Missing Page 2
‘I know what you’re going to say, that we’re in no position to be choosy, but cleaning up the image of porn stars isn’t what we want to become known for.’
‘If we want to survive it might have to be.’
Reluctantly conceding the point, Vivienne said, ‘OK, we’ll look at it when you get here. Now, tell me more about the WI and Sharon Goss.’
No reply.
‘Alice? Are you there?’
Realising the connection had been lost, Vivienne hung up and returned to her computer. Alice would ring back when she emerged from whatever tunnel, or dip, or black hole of the English countryside she’d plunged into. Meanwhile it would be a good idea to start reacquainting herself with Irwin’s movie, for six months had passed since their original pitch for the business.
Ten minutes later the phone rang again. Presuming it was Alice she picked up, saying, ‘OK, where were we?’
There was a pause before the voice at the other end said, ‘Now that isn’t a question I was expecting, so I’m afraid I don’t readily have an answer.’
The blood drained from Vivienne’s face as her heartbeat slowed and her head started to spin. ‘Miles,’ she said, thrown by the intensity of her reaction, even though she’d known, since receiving his message last week, that it would affect her profoundly when they did finally speak. She just hadn’t realised how powerfully the sound of his voice would move her.
‘Am I interrupting?’ he said. ‘Is this a bad time?’
‘No, it’s not a bad time,’ she assured him, and as though needing to confirm it she glanced at the clock. Five minutes to ten on a Monday morning. She took a breath to speak again, but suddenly too many thoughts were crowding her mind, while too many emotions filled the spaces inside her. She had never loved anyone the way she loved this man, and as the force of it came swirling out of the past, intensifying the hold on her heart, she had no way to resist it. ‘Did you get my email?’ she asked.
‘I did, but I wanted to speak to you in person. Incidentally, I hope it was OK that I gave your number to the WI?’
‘Yes, yes of course.’
‘I was going to get in touch anyway, then they called and … Well … How are you?’
‘Fine. I’m … Uh, it’s good to hear you.’ Was it? Yes, of course, but why was he calling? Had he found out what she’d been keeping from him? What would she do if he had? Suddenly it was hard to breathe. ‘Is everything OK?’ she asked, managing to push her voice through the tightness in her chest. ‘It’s been a long time.’
‘Just over two years.’
She stood up, and carried the phone to the window. Outside an impervious world was going about its business, carrying on as though nothing extraordinary or momentous was happening anywhere, when it surely must be – not only here, in her small space, but in all the random vehicles crossing Kew Bridge, the planes flying overhead, the barges cruising the river. ‘What are you doing these days?’ she asked, wanting to delay the real reason for his call. It was safer this side of knowing, where hope still had a chance and dread could be ignored. ‘I know you resigned.’ There was an ironic lilt to her voice which echoed in his as he said, ‘Faced with Hobson’s choice I tried to remain as dignified as possible.’
She laughed, and felt the pleasure of it moving through her like warmth after an endless chill.

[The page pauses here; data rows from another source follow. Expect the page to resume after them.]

(* Let $n\in\mathbb{N}$, $\alpha\in\mathbb{R}$ with $n<\alpha\le n+1$, $k\in\mathbb{N}$, $\mu\in\mathbb{R}$ with $\mu>-1$, and consider the differential operator in the Laplace variable $s$ $$\Pi^{n+1}_{k,\mu,\alpha}=\frac{1}{s^{2\alpha+k+\mu+3}}\cdot\frac{d}{ds}\cdot s^{2\alpha-n+1+k}\cdot\frac{d^{n+k+1}}{ds^{n+k+1}}\cdot s^{n+1}.$$ Then $\Pi^{n+1}_{k,\mu,\alpha}$ is an integral-annihilator for $x^{(\alpha)}(t_0)$ via the truncated fractional Taylor expansion $$x_{2\alpha-n}(t_0+t)=\sum_{j=0}^{n}\frac{t^j}{j!}x^{(j)}(t_0)+\frac{t^{\alpha}}{\Gamma(\alpha+1)}x^{(\alpha)}(t_0)+\frac{t^{2\alpha-n}}{\Gamma(2\alpha-n+1)}x^{(2\alpha-n)}(t_0),\quad t\ge0,$$ that is: (i) writing $\hat x_{2\alpha-n}(s)=\sum_{j=0}^n s^{-(j+1)}x^{(j)}(t_0)+s^{-(\alpha+1)}x^{(\alpha)}(t_0)+s^{-(2\alpha-n+1)}x^{(2\alpha-n)}(t_0)$ for its Laplace transform (in $t$), the terms involving $x^{(j)}(t_0)$, $0\le j\le n$, and $x^{(2\alpha-n)}(t_0)$ are annihilated, and for every $T>0$ $$(-1)^{n+1+k}\,\mathcal{L}^{-1}\{\Pi^{n+1}_{k,\mu,\alpha}\hat x_{2\alpha-n}\}(T)=\frac{\Gamma(\alpha+1+k)}{\Gamma(\alpha-n)}\,\frac{(\alpha-n)\,T^{n+\alpha+3+k+\mu}}{\Gamma(n+\alpha+k+\mu+4)}\,x^{(\alpha)}(t_0);$$ (ii) after expansion by the Leibniz rule, $\Pi^{n+1}_{k,\mu,\alpha}$ is a finite linear combination of operators $s^{-\nu}\frac{d^m}{ds^m}$ with $\nu\ge\mu+1>0$, so that its action on a Laplace transform corresponds in the time domain to a Riemann–Liouville integral.
   Context: $\mathcal{L}^{-1}$ denotes the inverse Laplace transform. Here $x^{(j)}(t_0)$, $x^{(\alpha)}(t_0)$, $x^{(2\alpha-n)}(t_0)$ are arbitrary real coefficients (in the application, derivative values of a signal $x\in\mathcal{C}^n(I)$ at $t_0$, the fractional ones being Jumarie modified Riemann–Liouville derivatives $x^{(\beta)}=(x^{(n)})^{(\beta-n)}$). The time-domain meaning of $s^{-\nu}\frac{d^m}{ds^m}\hat g(s)$, $\nu>0$, is $T\mapsto\frac{1}{\Gamma(\nu)}\int_0^T(T-\tau)^{\nu-1}(-\tau)^m g(\tau)\,d\tau$. *)

theory Defs
  imports "HOL-Analysis.Analysis"
begin

definition Pi_op :: "nat \<Rightarrow> nat \<Rightarrow> real \<Rightarrow> real \<Rightarrow> (real \<Rightarrow> real) \<Rightarrow> real \<Rightarrow> real" where
  "Pi_op n k \<mu> \<alpha> f s =
     s powr (- (2 * \<alpha> + real k + \<mu> + 3)) *
     deriv (\<lambda>u. u powr (2 * \<alpha> - real n + 1 + real k) *
                 (deriv ^^ (n + k + 1)) (\<lambda>v. v ^ (n + 1) * f v) u) s"

text \<open>Laplace transform of the truncated fractional Taylor expansion x_{2 alpha - n}(t_0 + t).
  a j = x^(j)(t_0), b = x^(alpha)(t_0), c = x^(2 alpha - n)(t_0).\<close>
definition xhat :: "nat \<Rightarrow> real \<Rightarrow> (nat \<Rightarrow> real) \<Rightarrow> real \<Rightarrow> real \<Rightarrow> real \<Rightarrow> real" where
  "xhat n \<alpha> a b c s =
     (\<Sum>j\<le>n. s powr (- (real j + 1)) * a j) + s powr (- (\<alpha> + 1)) * b
     + s powr (- (2 * \<alpha> - real n + 1)) * c"

definition is_laplace_transform :: "(real \<Rightarrow> real) \<Rightarrow> (real \<Rightarrow> real) \<Rightarrow> bool" where
  "is_laplace_transform g F \<longleftrightarrow>
     (\<forall>s>0. ((\<lambda>T. exp (- s * T) * g T) has_integral F s) {0<..})"

definition smooth_on :: "real set \<Rightarrow> (real \<Rightarrow> real) \<Rightarrow> bool" where
  "smooth_on S f \<longleftrightarrow> (\<forall>m. \<forall>x\<in>S. (deriv ^^ m) f differentiable (at x))"

end

theory Submission
  imports Defs
begin

text \<open>On powers of \<open>s\<close> the operator acts diagonally: it sends \<open>s powr (-\<beta>)\<close> to
  \<open>c(\<beta>) * s powr (-(\<beta> + n + k + \<mu> + 3))\<close>, where the multiplier \<open>c(\<beta>)\<close> is the falling factorial
  \<open>(n + 1 - \<beta>) (n - \<beta>) \<dots> (1 - k - \<beta>)\<close> produced by \<open>d^(n+k+1)/ds^(n+k+1)\<close> after
  multiplication by \<open>s^(n+1)\<close>, times the exponent \<open>2\<alpha> - n + 1 - \<beta>\<close> brought down by the outer
  \<open>d/ds\<close>. The falling factorial vanishes at the integer exponents \<open>\<beta> = j + 1\<close>, \<open>j \<le> n\<close>, the
  second factor at \<open>\<beta> = 2\<alpha> - n + 1\<close>, and at \<open>\<beta> = \<alpha> + 1\<close> the falling factorial is, up to the
  sign \<open>(-1)^(n+k+1)\<close>, the Pochhammer symbol \<open>\<Gamma>(\<alpha> + 1 + k) / \<Gamma>(\<alpha> - n)\<close>. The surviving power
  \<open>s powr (-(p + 1))\<close> is the Laplace transform of \<open>T powr p / \<Gamma>(p + 1)\<close>.
  For the time-domain form, the product rule writes the operator as a sum of terms
  \<open>c * s powr r * f^(d)(s)\<close>; differentiation never raises the exponent \<open>r\<close> above its initial
  value \<open>n + 1\<close>, so every term carries \<open>s powr (-\<nu>)\<close> with \<open>\<nu> \<ge> \<mu> + 1\<close>.\<close>

lemma higher_deriv_eq_on_pos:
  fixes f g :: "real \<Rightarrow> real"
  assumes "\<And>v. v > 0 \<Longrightarrow> f v = g v" and "x > 0"
  shows "(deriv ^^ m) f x = (deriv ^^ m) g x"
proof -
  have "eventually (\<lambda>v. v \<in> {0<..}) (nhds x)"
    using assms(2) by (intro eventually_nhds_in_open) auto
  hence "eventually (\<lambda>v. f v = g v) (nhds x)"
    by eventually_elim (simp add: assms(1))
  thus ?thesis by (rule higher_deriv_cong_ev) simp
qed

lemma deriv_eq_on_pos:
  fixes f g :: "real \<Rightarrow> real"
  assumes "\<And>v. v > 0 \<Longrightarrow> f v = g v" and "x > 0" and "(g has_real_derivative D) (at x)"
  shows "deriv f x = D"
  using higher_deriv_eq_on_pos[OF assms(1,2), where m=1] DERIV_imp_deriv[OF assms(3)] by simp

lemma higher_deriv_powr_sum:
  fixes w q :: "'i \<Rightarrow> real"
  assumes "finite I" and "x > 0"
  shows "(deriv ^^ m) (\<lambda>v. \<Sum>i\<in>I. w i * v powr q i) x
           = (\<Sum>i\<in>I. w i * (\<Prod>j<m. q i - real j) * x powr (q i - real m))"
  using assms(2)
proof (induction m arbitrary: x)
  case 0
  then show ?case by simp
next
  case (Suc m)
  have "((\<lambda>v. \<Sum>i\<in>I. w i * (\<Prod>j<m. q i - real j) * v powr (q i - real m)) has_real_derivative
      (\<Sum>i\<in>I. w i * (\<Prod>j<m. q i - real j) * ((q i - real m) * x powr (q i - real m - 1)))) (at x)"
    using Suc.prems by (auto intro!: derivative_eq_intros) (simp add: mult_ac)
  also have "(\<Sum>i\<in>I. w i * (\<Prod>j<m. q i - real j) * ((q i - real m) * x powr (q i - real m - 1)))
      = (\<Sum>i\<in>I. w i * (\<Prod>j<Suc m. q i - real j) * x powr (q i - real (Suc m)))"
    by (simp add: algebra_simps diff_diff_eq)
  finally show ?case
    using deriv_eq_on_pos[OF Suc.IH Suc.prems] by simp
qed

lemma higher_deriv_power_mult_powr_sum:
  fixes w \<beta> :: "'i \<Rightarrow> real"
  assumes "finite I" and "u > 0" and F: "\<And>v. v > 0 \<Longrightarrow> F v = (\<Sum>i\<in>I. w i * v powr (- \<beta> i))"
  shows "(deriv ^^ m) (\<lambda>v. v ^ N * F v) u
           = (\<Sum>i\<in>I. w i * (\<Prod>j<m. real N - \<beta> i - real j) * u powr (real N - \<beta> i - real m))"
proof -
  have "v ^ N * F v = (\<Sum>i\<in>I. w i * v powr (real N - \<beta> i))" if "v > 0" for v
  proof -
    have "v ^ N * v powr (- \<beta> i) = v powr (real N - \<beta> i)" for i
      unfolding powr_realpow[OF that, symmetric] powr_add[symmetric] by simp
    then show ?thesis
      using that by (simp add: F sum_distrib_left mult.left_commute)
  qed
  then have "(deriv ^^ m) (\<lambda>v. v ^ N * F v) u
      = (deriv ^^ m) (\<lambda>v. \<Sum>i\<in>I. w i * v powr (real N - \<beta> i)) u"
    using assms(2) by (rule higher_deriv_eq_on_pos)
  also have "\<dots> = (\<Sum>i\<in>I. w i * (\<Prod>j<m. real N - \<beta> i - real j) * u powr (real N - \<beta> i - real m))"
    using assms(1,2) by (rule higher_deriv_powr_sum)
  finally show ?thesis .
qed

definition Pi_multiplier :: "nat \<Rightarrow> nat \<Rightarrow> real \<Rightarrow> real \<Rightarrow> real" where
  "Pi_multiplier n k \<alpha> \<beta> = (\<Prod>j<n + k + 1. real n + 1 - \<beta> - real j) * (2 * \<alpha> - real n + 1 - \<beta>)"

‘As to what I’m doing now,’ he said, ‘I’m supposed to be writing a biography of our illustrious ex-prime minister, but I confess progress is slow and the subject is, shall we say, not always thrilled by the author’s approach to his inimitable … achievements.’
Again she smiled. As the ex-editor of a national newspaper who’d made no secret of his contempt for recent government policy, or his loathing for the American mogul who’d acquired his paper by fouler means than fair, it was no surprise that a publisher was keen to get Miles into print. Not that his name had disappeared from the media since his very public resignation a year ago, for his opinion was regularly sought on any number of topics, from Middle East unrest to education reforms.
How exhilarating their time together had been, in so many ways, and inspiring and right – and doomed, though thank God she hadn’t known it then.
‘How are things in the world of public relations?’ he asked.
She grimaced. ‘They’ve been better, but it’s starting to pick up again.’ She only hoped she was speaking the truth, but Irwin’s movie was a good sign.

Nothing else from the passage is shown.